Thursday, October 28, 1999
Last week, I unfairly misrepresented an effort by Mark Talbrook to build a single-family home in Big Sur''s Pacific Valley.
An attorney claiming to "represent" several Pacific Valley residents called and said they were concerned about the home, and that Talbrook was rushing the project through the approval process with the help of prominent attorney Tony Lombardo.
Since Talbrook serves on the board of Landwatch--an organization that advocates smart growth and demands that developers play by the same rules as the rest of us--I thought it made a good story: The Tables Are Turned.
Only one problem: I blew it.
In truth, Talbrook has very much followed the rules and regs, and his actions were mischaracterized by the caller.
Talbrook confirmed he did in fact solicit legal advice from an attorney who works in Lombardo''s office, but not Lombardo himself--a distinction that I failed to get my tentacles around. At no time did he hire Lombardo or any other attorney in Lombardo''s office to directly represent his project before the county.
I also implied that Talbrook was trying to bypass county regulations when he was merely utilizing a procedure that allows an applicant with a straightforward project to go before the county''s zoning administrator instead of the entire Planning Commission. If I only had a brain...
Beside Squid''s lapse of journalistic judgment, of equal concern is why someone would mislead me with what now appears to be some kind of personal issue.
It turns out that the attorney who called, David Sweigert, is an associate of Fenton & Keller. The firm specializes in land-use, real estate, environmental, and insurance law, and has represented the likes of Coldwell Banker, Clint Eastwood''s Mission Ranch, Pebble Beach, and Ventana Vineyards.
Sweigert says he "didn''t recall precisely" telling me he was working on behalf of any residents. "I am not representing residents down there, and I never have."
Sweigert says his concerns are strictly "personal," as he and a group of friends have hiked Pacific Valley for years, and he feels the home would destroy the area''s special character. "In my view the coastal area of Pacific Valley is one of the most beautiful, and the project would slap a house smack-dab on the hillside."

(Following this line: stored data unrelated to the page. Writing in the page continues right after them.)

lemma tree_expect_Max_offset_eta_sum_le:
  assumes p01: "\<forall>t\<in>{1..n}. \<forall>u::bool list. length u = t - 1 \<longrightarrow> 0 \<le> p t u \<and> p t u \<le> 1"
    and \<delta>: "0 < \<delta>" "\<delta> < 1/2" and K: "K > 0"
    and W: "finite W" "W \<noteq> {}" and W_bounded: "\<forall>w\<in>W. \<forall>t u. \<bar>w t u\<bar> \<le> 1"
  shows "tree_expect n p (\<lambda>y. Max ((\<lambda>w. offset_eta_sum \<delta> K n p w y) ` W))
     \<le> ln (real (card W)) / (\<delta> * ln (1 + K / 8))"
proof -
  have l: "\<delta> * ln (1 + K / 8) > 0" using \<delta> K by simp
  have "tree_expect n p (\<lambda>y. exp (\<delta> * ln (1 + K / 8) * offset_eta_sum \<delta> K n p w y)) \<le> exp (real n * 0)"
    if "w \<in> W" for w
    unfolding offset_eta_sum_def tree_at_def
  proof (rule tree_expect_exp_masked_sum_le[where \<phi> = "\<lambda>t u a. eta (p t u) a * w t u - K * (w t u)\<^sup>2",
        unfolded tree_at_def, OF p01])
    fix t u assume "\<delta> \<le> p t u" "p t u \<le> 1 - \<delta>"
    then show "p t u * exp (\<delta> * ln (1 + K / 8) * (eta (p t u) True * w t u - K * (w t u)\<^sup>2))
        + (1 - p t u) * exp (\<delta> * ln (1 + K / 8) * (eta (p t u) False * w t u - K * (w t u)\<^sup>2)) \<le> exp 0"
      using \<delta> K W_bounded that by (simp add: eta_offset_mgf_le_1)
  qed simp
  from tree_expect_Max_le[OF p01 W l this] show ?thesis by simp
qed

section \<open>Chaining decomposition\<close>

definition clip :: "real \<Rightarrow> real \<Rightarrow> real" where
  "clip b x = max (-b) (min b x)"

definition soft_threshold :: "real \<Rightarrow> real \<Rightarrow> real" where
  "soft_threshold c x = (if x > c then x - c else if x < -c then x + c else 0)"

lemma clip_eq: "\<bar>x\<bar> \<le> b \<Longrightarrow> clip b x = x"
  unfolding clip_def by auto

lemma abs_clip_le: "0 \<le> b \<Longrightarrow> \<bar>clip b x\<bar> \<le> b"
  unfolding clip_def by auto

text \<open>Soft thresholding a \<open>c\<close>-approximation of \<open>a\<close> moves it towards \<open>0\<close> without overshooting \<open>a\<close>;
  this is what lets the quadratic offset of the approximation be dominated by that of \<open>a\<close>.\<close>
lemma soft_threshold_approx:
  assumes "\<bar>v - a\<bar> \<le> c" "c > 0"
  shows "\<bar>soft_threshold c v\<bar> \<le> \<bar>a\<bar>" "\<bar>v - soft_threshold c v\<bar> \<le> c" "\<bar>soft_threshold c v - a\<bar> \<le> 2 * c"
  using assms unfolding soft_threshold_def by auto

lemma eta_mult_le:
  assumes "0 < \<delta>" "\<delta> \<le> P" "P \<le> 1 - \<delta>" "\<bar>r\<bar> \<le> c"
  shows "eta P B * r \<le> c / \<delta>"
proof -
  have "1 / P \<le> 1 / \<delta>" "1 / (1 - P) \<le> 1 / \<delta>" using assms by (auto intro: divide_left_mono)
  then have "\<bar>eta P B\<bar> \<le> 1 / \<delta>" using assms unfolding eta_def by (auto simp: abs_if divide_inverse)
  then have "\<bar>eta P B\<bar> * \<bar>r\<bar> \<le> (1 / \<delta>) * c" using assms by (intro mult_mono) auto
  then show ?thesis by (simp add: abs_mult[symmetric])
qed

text \<open>One node of the chaining decomposition: with \<open>s\<close> the clipped soft-thresholded \<open>x 0\<close>,
  \<open>a = s + (x\<^sub>0 - s) + \<Sum>\<^sub>j (x\<^sub>j\<^sub>+\<^sub>1 - x\<^sub>j) + (a - x\<^sub>m)\<close>, where every clip is the identity
  and \<open>s\<^sup>2 \<le> a\<^sup>2\<close>.\<close>
lemma offset_term_le_chain:
  fixes x bj :: "nat \<Rightarrow> real"
  assumes \<delta>: "0 < \<delta>" "\<delta> \<le> P" "P \<le> 1 - \<delta>" and a: "\<bar>a\<bar> \<le> 1" and c: "c > 0" and K: "K \<ge> 0"
    and x0: "\<bar>x 0 - a\<bar> \<le> c" and xm: "\<bar>x m - a\<bar> \<le> r"
    and increments: "\<forall>j<m. \<bar>x (Suc j) - x j\<bar> \<le> bj j"
  shows "eta P B * a - K * a\<^sup>2 \<le>
      (eta P B * clip 1 (soft_threshold c (x 0)) - K * (clip 1 (soft_threshold c (x 0)))\<^sup>2)
      + eta P B * clip c (x 0 - clip 1 (soft_threshold c (x 0)))
      + (\<Sum>j<m. eta P B * clip (bj j) (x (Suc j) - x j)) + r / \<delta>"
proof -
  define s where "s = soft_threshold c (x 0)"
  have s: "\<bar>s\<bar> \<le> \<bar>a\<bar>" "\<bar>x 0 - s\<bar> \<le> c" using soft_threshold_approx[OF x0 c] by (auto simp: s_def)
  have "(\<Sum>j<m. eta P B * clip (bj j) (x (Suc j) - x j)) = (\<Sum>j<m. eta P B * (x (Suc j) - x j))"
    by (rule sum.cong) (use increments clip_eq in auto)
  also have "\<dots> = eta P B * (x m - x 0)" by (simp add: sum_distrib_left[symmetric] sum_lessThan_telescope)
  finally have telescope: "(\<Sum>j<m. eta P B * clip (bj j) (x (Suc j) - x j)) = eta P B * (x m - x 0)" .
  have "K * s\<^sup>2 \<le> K * a\<^sup>2" using s(1) K by (intro mult_left_mono) (auto simp: abs_le_square_iff)
  moreover have "eta P B * (a - x m) \<le> r / \<delta>"
    by (rule eta_mult_le[OF \<delta>]) (use xm in \<open>simp add: abs_minus_commute\<close>)
  moreover have clips: "clip 1 s = s" "clip c (x 0 - s) = x 0 - s" using s a by (simp_all add: clip_eq)
  ultimately show ?thesis unfolding s_def[symmetric] telescope clips by (simp add: algebra_simps)
qed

Sweigert couldn''t explain why he felt it necessary to misrepresent himself. "I had reasons at the time. We were just sort of gearing up and I didn''t know what my relationship would be participating with citizens. There is strong interest in what happens in Pacific Valley, and the county is making a mistake discounting the view [issue]. I think the effect is significant."
Talbrook questions whether Sweigert''s concerns are strictly environmental.
Talbrook says he met Sweigert when he spoke against the project at an Oct. 14 county hearing. Talbrook invited Sweigert to tour the property to try to allay his concerns. For instance, Talbrook says his property, which was a previous homesite, is out of the Highway 1 viewshed.
When Talbrook asked Sweigert whether he was representing a client, Sweigert would not give the name. (Later, Talbrook says, Sweigert acknowledged having no specific client.) During the tour, Talbrook says, Sweigert asked how he and a neighbor "held their land," referring to an adjacent parcel zoned for commercial use. "We were discussing the nearby parcel--which I don''t own--when Sweigert said, ''Maybe I want to become your partner.''" This perplexed Talbrook, since he does not own the commercial parcel.
I guess I learned my lesson. Perhaps I should offer my head to Talbrook. But any good Squid knows that it''s our ink that is most prized.